# Invitation letter for Visitor Visa - Help?



## kangaroogirl

Can anyone give me some good advice on what needs to be included on an invitation letter, for a visitor visa (48r)?

I get the general idea, but just want to make sure it is written correctly and that I include as much helpful info as I can.

Also, I was browsing the net and saw one comment from someone who said that you *could NOT invite someone who you have only met online*......is this true? Surely you do not have to have met in real life to be classed as someone's friend? The form does not even ask when/how you met..so I'm assuming the comment I saw were incorrect...hoping so!

Can anyone offer advice?


----------



## kangaroogirl

Anyone? Please?


----------



## Adventuress

Hi kangaroogirl,

I found the following on a different site. The site is not official in any shape or form but the samples look good to me and appear to include all the information that a CO might be interested in. (You might have seen this already since you've done a web search but it'll probably also be good for future forum visitors, just in case the original site disappears )



> *How to Write a Visa Invitation Letter for Australia Tourist (48R) Visa*
> 
> Writng an invitiation letter for a visitors visa to Australia or any country can be quite challenging.
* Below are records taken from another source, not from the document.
lemma integral_abs_primitive_minus_mean_le:
  fixes g V :: "real \<Rightarrow> real"
  assumes ab: "a < b"
    and mono_plus: "mono_on {a..<b} (\<lambda>x. V x + g x)"
    and mono_minus: "mono_on {a..<b} (\<lambda>x. V x - g x)"
    and V_nonneg: "\<And>x. x \<in> {a..b} \<Longrightarrow> 0 \<le> V x"
    and V_le: "\<And>x. x \<in> {a..b} \<Longrightarrow> V x \<le> K"
  shows "integral {a..b} (\<lambda>x. \<bar>integral {a..x} (\<lambda>t. g t - integral {a..b} g / (b - a))\<bar>)
           \<le> (b - a)^2 / 8 * K"
proof -
  note integrable = integrable_on_of_mono_on_variation[OF assms]
  define JV where "JV = integral {a..b} V"
  define F where "F x = integral {a..x} (\<lambda>t. g t - integral {a..b} g / (b - a))" for x
  have "continuous_on {a..b} F"
    unfolding F_def by (intro indefinite_integral_continuous_1 integrable_diff integrable) auto
  then have "(\<lambda>x. \<bar>F x\<bar>) integrable_on {a..b}"
    by (intro integrable_continuous_interval continuous_intros)
  then have "integral {a..b} (\<lambda>x. \<bar>F x\<bar>)
      \<le> (b - a)^2 / 8 * (JV / (b - a) + ((b - a) * K - JV) / (b - a))"
  proof (rule integral_le_tent)
    fix x assume "x \<in> {a..b}"
    from abs_primitive_minus_mean_le[OF ab mono_plus mono_minus integrable V_nonneg V_le this] ab
    show "\<bar>F x\<bar> \<le> (x - a) * (JV / (b - a))"
      and "\<bar>F x\<bar> \<le> (b - x) * (((b - a) * K - JV) / (b - a))"
      unfolding F_def JV_def times_divide_eq_right by (simp_all add: pos_le_divide_eq ac_simps)
  qed (use ab in auto)
  also have "\<dots> = (b - a)^2 / 8 * K" using ab by (simp flip: add_divide_distrib)
  finally show ?thesis unfolding F_def .
qed

lemma borel_measurable_zero_outside_bounded_var:
  fixes I :: "'i \<Rightarrow> real set"
  assumes "finite S" and zero: "\<forall>x. x \<notin> (\<Union>k\<in>S. I k) \<longrightarrow> g x = 0"
    and borel: "\<forall>k\<in>S. I k \<in> sets borel" and bv: "\<forall>k\<in>S. bdd_above (var_sums (I k) g)"
  shows "g \<in> borel_measurable borel"
proof (rule measurable_piecewise_restrict[where C="insert (- (\<Union>k\<in>S. I k)) (I ` S)"])
  fix \<Omega> assume "\<Omega> \<in> insert (- (\<Union>k\<in>S. I k)) (I ` S)"
  then consider "\<Omega> = - (\<Union>k\<in>S. I k)" | k where "k \<in> S" "\<Omega> = I k" by blast
  then show "g \<in> borel_measurable (restrict_space borel \<Omega>)"
  proof cases
    case 1
    then show ?thesis using zero by (subst measurable_cong[where g="\<lambda>_. 0"]) (auto simp: space_restrict_space)
  qed (use bv borel_measurable_bounded_var_on in auto)
next
  fix \<Omega> assume "\<Omega> \<in> insert (- (\<Union>k\<in>S. I k)) (I ` S)"
  moreover have "- (\<Union>k\<in>S. I k) \<in> sets borel"
    using assms by (intro borel_comp sets.finite_UN) auto
  ultimately show "\<Omega> \<inter> space borel \<in> sets borel" using borel by auto
qed (use assms in \<open>auto intro: countable_finite\<close>)

lemma bounded_zero_outside_bounded_var:
  fixes I :: "'i \<Rightarrow> real set"
  assumes "finite S" and zero: "\<forall>x. x \<notin> (\<Union>k\<in>S. I k) \<longrightarrow> g x = 0"
    and bv: "\<forall>k\<in>S. bdd_above (var_sums (I k) g)"
  obtains B where "\<And>x. \<bar>g x\<bar> \<le> B"
proof
  fix x
  define B where "B = (\<Sum>k\<in>S. \<bar>g (SOME y. y \<in> I k)\<bar> + \<bar>var_on (I k) g\<bar>)"
  show "\<bar>g x\<bar> \<le> B"
  proof (cases "x \<in> (\<Union>k\<in>S. I k)")
    case True
    then obtain k where k: "k \<in> S" "x \<in> I k" by blast
    from k(2) have "(SOME y. y \<in> I k) \<in> I k" by (rule someI)
    then have "\<bar>g x\<bar> \<le> \<bar>g (SOME y. y \<in> I k)\<bar> + \<bar>var_on (I k) g\<bar>"
      using abs_diff_le_var_on[OF bv[rule_format, OF k(1)] _ k(2)] by fastforce
    also have "\<dots> \<le> B"
      unfolding B_def by (rule member_le_sum) (use k assms(1) in auto)
    finally show ?thesis .
  next
    case False
    then show ?thesis using zero by (auto simp: B_def intro: sum_nonneg)
  qed
qed

lemma set_integrable_bounded:
  fixes h :: "real \<Rightarrow> real"
  assumes h: "h \<in> borel_measurable borel" and B: "\<And>x. \<bar>h x\<bar> \<le> B"
    and A: "A \<in> sets borel" "A \<subseteq> {c..d}"
  shows "set_integrable lborel A h"
  unfolding set_integrable_def
proof (rule integrableI_bounded_set_indicator[where B=B])
  have "emeasure lborel A \<le> emeasure lborel {c..d}" using A by (intro emeasure_mono) auto
  then show "emeasure lborel A < \<infinity>" by (simp add: emeasure_lborel_Icc_eq order.strict_trans1)
qed (use assms in auto)

lemma integrable_on_bounded:
  fixes h :: "real \<Rightarrow> real"
  assumes "h \<in> borel_measurable borel" and "\<And>x. \<bar>h x\<bar> \<le> B"
  shows "h integrable_on {c..d}"
  using set_borel_integral_eq_integral(1)[OF set_integrable_bounded[OF assms, of "{c..d}" c d]] by simp
lemma brace_star_set_subgroup:
  assumes "S \<subseteq> carrier G" "T \<subseteq> carrier G"
  shows "subgroup (brace_star_set G H S T) G"
  unfolding brace_star_set_def
  by (rule G.generate_is_subgroup) (use assms brace_star_closed in blast)

lemma brace_star_set_mono:
  "S \<subseteq> S' \<Longrightarrow> T \<subseteq> T' \<Longrightarrow> brace_star_set G H S T \<subseteq> brace_star_set G H S' T'"
  unfolding brace_star_set_def by (rule G.mono_generate) blast

lemma brace_star_conj_trivial_left:
  assumes B: "subgroup B G" "trivial_sub_skew_brace G H B" and C: "subgroup C G"
    and CB: "carrier G = C <#> B"
    and b: "b \<in> B" "b1 \<in> B" and c: "c \<in> C"
  obtains c' where "c' \<in> C" "b1 \<otimes> star b c \<otimes> inv b1 = star b c'"
proof -
  have BG: "B \<subseteq> carrier G" and CG: "C \<subseteq> carrier G"
    using B(1) C subgroup.subset by auto
  have in_G: "b \<in> carrier G" "b1 \<in> carrier G" "c \<in> carrier G"
    using b c BG CG by auto
  then have "b1 \<otimes> c \<in> C <#> B"
    using CB by (metis G.m_closed)
  then obtain c' b2 where cb: "c' \<in> C" "b2 \<in> B" "b1 \<otimes> c = c' \<otimes> b2"
    unfolding set_mult_def by blast
  have cb_G: "c' \<in> carrier G" "b2 \<in> carrier G"
    using cb BG CG by auto
  have "b1 \<otimes> star b c \<otimes> inv b1 = star b (b1 \<otimes> c)"
    using b in_G
    by (simp add: brace_star_mult_right brace_star_trivial[OF B(2) BG] brace_star_closed)
  also have "\<dots> = star b c'"
    using b cb in_G cb_G
    by (simp add: brace_star_mult_right brace_star_trivial[OF B(2) BG] brace_star_closed)
  finally show ?thesis
    using cb(1) that by blast
qed

lemma brace_star_set_normal:
  assumes B: "subgroup B G" "trivial_sub_skew_brace G H B" and C: "subgroup C G"
    and BC: "carrier G = B <#> C"
  shows "brace_star_set G H B C \<lhd> G"
proof -
  define S where "S = {star b c | b c. b \<in> B \<and> c \<in> C}"
  have BG: "B \<subseteq> carrier G" and CG: "C \<subseteq> carrier G"
    using B(1) C subgroup.subset by auto
  have S: "S \<subseteq> carrier G"
    unfolding S_def using BG CG brace_star_closed by blast
  have CB: "carrier G = C <#> B"
    using G.set_mult_carrier_commute[OF B(1) C BC] .
  have conj_B: "b1 \<otimes> s \<otimes> inv b1 \<in> generate G S" if b1: "b1 \<in> B" and "s \<in> S" for b1 s
  proof -
    obtain b c where bc: "b \<in> B" "c \<in> C" "s = star b c"
      using \<open>s \<in> S\<close> unfolding S_def by blast
    obtain c' where "c' \<in> C" "b1 \<otimes> s \<otimes> inv b1 = star b c'"
      using brace_star_conj_trivial_left[OF B C CB bc(1) b1 bc(2)] bc(3) by blast
    then show ?thesis
      unfolding S_def using bc(1) by (blast intro: generate.incl)
  qed
  have conj_C: "c1 \<otimes> s \<otimes> inv c1 \<in> generate G S" if "c1 \<in> C" "s \<in> S" for c1 s
  proof -
    obtain b c where bc: "b \<in> B" "c \<in> C" "s = star b c"
      using \<open>s \<in> S\<close> unfolding S_def by blast
    have "b \<in> carrier G" "c \<in> carrier G" "c1 \<in> carrier G"
      using bc that BG CG by auto
    then have "c1 \<otimes> s \<otimes> inv c1 = inv (star b c1) \<otimes> star b (c1 \<otimes> c)"
      by (simp add: bc(3) brace_star_mult_right brace_star_closed G.inv_mult_cancel_left)
    moreover have "star b c1 \<in> S" "star b (c1 \<otimes> c) \<in> S"
      unfolding S_def using bc that subgroup.m_closed[OF C] by blast+
    ultimately show ?thesis
      by (simp add: generate.incl generate.inv generate.eng)
  qed
  show ?thesis
    unfolding brace_star_set_def S_def[symmetric]
  proof (rule G.normal_invI[OF G.generate_is_subgroup[OF S]])
    fix g h assume g: "g \<in> carrier G" and h: "h \<in> generate G S"
    obtain b1 c1 where bc1: "b1 \<in> B" "c1 \<in> C" "g = b1 \<otimes> c1"
      using g BC unfolding set_mult_def by blast
    have "c1 \<otimes> h \<otimes> inv c1 \<in> generate G S"
      using G.conj_generate_closed[OF S _ conj_C h] bc1 CG by blast
    then have "b1 \<otimes> (c1 \<otimes> h \<otimes> inv c1) \<otimes> inv b1 \<in> generate G S"
      using G.conj_generate_closed[OF S _ conj_B] bc1 BG by blast
    moreover have "b1 \<in> carrier G" "c1 \<in> carrier G" "h \<in> carrier G"
      using bc1 BG CG h G.generate_in_carrier[OF S] by auto
    ultimately show "g \<otimes> h \<otimes> inv g \<in> generate G S"
      by (simp add: bc1(3) G.m_assoc G.inv_mult_group)
  qed
qed

lemma brace_star_mem_set_mult:
  assumes B: "sub_skew_brace G H B" "trivial_sub_skew_brace G H B"
    and C: "sub_skew_brace G H C" "trivial_sub_skew_brace G H C"
    and BC: "carrier G = B <#> C" and BC_circ: "carrier G = B <#>\<^bsub>H\<^esub> C"
    and a: "a \<in> carrier G" and x: "x \<in> carrier G"
  shows "star a x \<in> brace_star_set G H B C <#> brace_star_set G H C B"
proof -
  have sub: "subgroup B G" "subgroup C G" "subgroup B H" "subgroup C H"
    using B(1) C(1) unfolding sub_skew_brace_def by auto
  have BG: "B \<subseteq> carrier G" and CG: "C \<subseteq> carrier G"
    using sub subgroup.subset by auto
  have CB: "carrier G = C <#> B"
    using G.set_mult_carrier_commute[OF sub(1,2) BC] .
  have CB_circ: "carrier G = C <#>\<^bsub>H\<^esub> B"
    using H.set_mult_carrier_commute[OF sub(3,4)] BC_circ carrier_circ by simp
  obtain b2 c2 where bc2: "b2 \<in> B" "c2 \<in> C" "a = b2 \<otimes>\<^bsub>H\<^esub> c2"
    using a BC_circ unfolding set_mult_def by blast
  obtain c b where cb: "c \<in> C" "b \<in> B" "a = c \<otimes>\<^bsub>H\<^esub> b"
    using a CB_circ unfolding set_mult_def by blast
  obtain c' b' where cb': "c' \<in> C" "b' \<in> B" "x = c' \<otimes> b'"
    using x CB unfolding set_mult_def by blast
  obtain b3 c3 where bc3: "b3 \<in> B" "c3 \<in> C" "c' \<otimes> b' = b3 \<otimes> c3"
    using x cb'(3) BC unfolding set_mult_def by blast
  have in_G: "b2 \<in> carrier G" "c2 \<in> carrier G" "c \<in> carrier G" "b \<in> carrier G"
      "c' \<in> carrier G" "b' \<in> carrier G" "b3 \<in> carrier G" "c3 \<in> carrier G"
    using bc2 cb cb' bc3 BG CG by auto
  have "star a c' = star b2 c'"
    unfolding bc2(3) using bc2 cb' in_G
    by (simp add: brace_star_circ_left lambda_trivial[OF C(2) CG])
  moreover have "star a b' = star c b'"
    unfolding cb(3) using cb cb' in_G
    by (simp add: brace_star_circ_left lambda_trivial[OF B(2) BG])
  ultimately have "star a x = star b2 c' \<otimes> (c' \<otimes> star c b' \<otimes> inv c')"
    using a cb'(3) in_G by (simp add: brace_star_mult_right)
  also have "c' \<otimes> star c b' \<otimes> inv c' = star c (c' \<otimes> b')"
    using cb cb' in_G
    by (simp add: brace_star_mult_right brace_star_trivial[OF C(2) CG] brace_star_closed)
  also note bc3(3)
  also have "star c (b3 \<otimes> c3) = star c b3"
    using cb bc3 in_G
    by (simp add: brace_star_mult_right brace_star_trivial[OF C(2) CG] brace_star_closed)
  finally show ?thesis
    using bc2 cb' cb bc3 brace_star_in_brace_star_set unfolding set_mult_def by blast
qed

end

theorem proposition3p3:
  fixes G H :: "'a monoid" and B C :: "'a set"
  assumes "skew_brace G H"
    and "sub_skew_brace G H B" and "sub_skew_brace G H C"
    and "carrier G = B <#>\<^bsub>G\<^esub> C"
    and "carrier G = B <#>\<^bsub>H\<^esub> C"
    and "trivial_sub_skew_brace G H B" and "trivial_sub_skew_brace G H C"
  shows "brace_star_set G H (carrier G) (carrier G)
           = brace_star_set G H B C <#>\<^bsub>G\<^esub> brace_star_set G H C B"
proof -
  interpret G: group G
    using assms(1) unfolding skew_brace_def by blast
  let ?A = "brace_star_set G H (carrier G) (carrier G)"
  let ?P = "brace_star_set G H B C" and ?Q = "brace_star_set G H C B"
  have sub: "subgroup B G" "subgroup C G"
    using assms(2,3) unfolding sub_skew_brace_def by auto
  then have BG: "B \<subseteq> carrier G" and CG: "C \<subseteq> carrier G"
    using subgroup.subset by auto
  have "subgroup (?P <#>\<^bsub>G\<^esub> ?Q) G"
    using brace_star_set_normal[OF assms(1) sub(1) assms(6) sub(2) assms(4)]
      brace_star_set_subgroup[OF assms(1) CG BG] by (rule G.mult_norm_subgroup)
  then have "?A \<subseteq> ?P <#>\<^bsub>G\<^esub> ?Q"
    unfolding brace_star_set_def[of G H "carrier G"]
    by (rule G.generate_subgroup_incl[rotated])
      (use brace_star_mem_set_mult[OF assms(1) assms(2,6) assms(3,7) assms(4,5)] in blast)
  moreover have "?P <#>\<^bsub>G\<^esub> ?Q \<subseteq> ?A <#>\<^bsub>G\<^esub> ?A"
    using BG CG by (intro mono_set_mult brace_star_set_mono[OF assms(1)])
  then have "?P <#>\<^bsub>G\<^esub> ?Q \<subseteq> ?A"
    using G.subgroup_mult_id[OF brace_star_set_subgroup[OF assms(1)]] by blast
  ultimately show ?thesis
    by blast
qed

end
What is most important is to ensure that all the required information are in the letter. There is no specific method or style once all the required information is visible in the letter. The Australian Consulate or Embassy requires this letter.
> 
> In summary the following should be on the invitation letter.
> 
> Your letter must include the following information about the person being invited:
> 
> 
> Complete name.
> Date of birth.
> The person's address and telephone number.
> Your relationship to the person being invited.
> The purpose of the trip.
> How long the person you are inviting intends to stay in Australia.
> Details on accommodation and living expenses.
> The date the person you are inviting intends to leave Australia.
> 
> Your letter must also include the following information about the person writing the letter:
> 
> 
> Complete name.
> Date of birth.
> Address and telephone number in Australia.
> Occupation in Australia.
> Your status in Australia
> A photocopy of documents proving your status in Australia and financial Status.
> 
> *Sample Invitation Letter*
> 
> Below is a sample invitation letter. The names on it are ficticious but this format has been used and visas have been issued using this format. There are other formats that can be used. The most important thing is for the information required to be on it.
> 
> Remember that this is just a sample and we are not in any way connected to Australia immigation.
> 
> 
> 
> 
> January 27th, 2010
> 
> Daniel Smile,
> 123 Street Name, Apt 2
> city, Postal Code
> Australia
> +Tel (in Australia)
> 
> To Whom It May Concern:
> 
> Application for Tourist visa: Samuel Odu; May 13 1982; Passprt No: AO3453378
> 
> I am writing to confirm I wish to invite Samuel Odu to visit me in City, Australia for 3 weeks in order to have a short holiday. I hope he will be able to come on 20th of June 2010.
> 
> I am an Australian Citizen and Electrical Engineer Working at DemsTech in Adelaide. I will be on vacation at that time.
> 
> I am able to accommodate him for the duration of his stay in Australia. Please find attached evidence of my accommodation.
> 
> I have enclosed the following documents:
> 
> Copy of passport
> Tenancy agreement
> 
> Should you require any additional information please do not hesitate to contact me.
> 
> Yours faithfully
> 
> Daniel Smile
> 
> 
> 
> Do not forget to send a scanned copy of your passport. You do not have to notarise the letter
> 
> *SAMPLE 2*
> 
> 
> 
> 
> Mary Slessor
> 
> (insert your complete Address in Australia)
> 
> Dear Sir or Madam,
> 
> To Whom It May Concern:
> 
> Application for Australian visitor Visa for Mellisa Roe; 30th March 1981; Passport Number - A0100010
> 
> I am writing to confirm that I wish to invite Mellisa Roe to visit me in Australia for 4 weeks in order to have a short holiday. The date she would like to come is July 15, 2010 I would like her to stay with me for the 3 weeks.
> 
> I have been studying at James Cook University where I recently completed a degree course in Electrical Engineering and have leave to remain in Australia indefinitely.
> 
> I am able to accommodate her for the whole duration of her stay in Australia and I will also pay for her living expenses. Please find attached evidence of my accommodation and also evidence of my financial status which shows that I am able to meet Melissa Roe's living costs during the time she will be staying with me.
> 
> I have enclosed the following documents for your consideration as required:
> 
> 
> Copy of passport and the page with Australian Visa
> Rental Documents as proof of accommodation
> 6 months bank statements
> 
> Should you require any additional information please do not hesitate to contact me on 0432 3333 333.
> 
> Your faithfully,
> 
> Signature
> 
> Mary Slessor
> 
> Click to expand...
Click to expand...

In response to your other question, if there's no place on any official forms to explain how you know the person you're inviting, then it might be a good idea to just not say anything - since it's not requested you couldn't have known that it'd be necessary.

I hope this helps


----------



## kangaroogirl

Thanks so much Adventuress....I had seen a couple but these look better, I'll use them as a guide.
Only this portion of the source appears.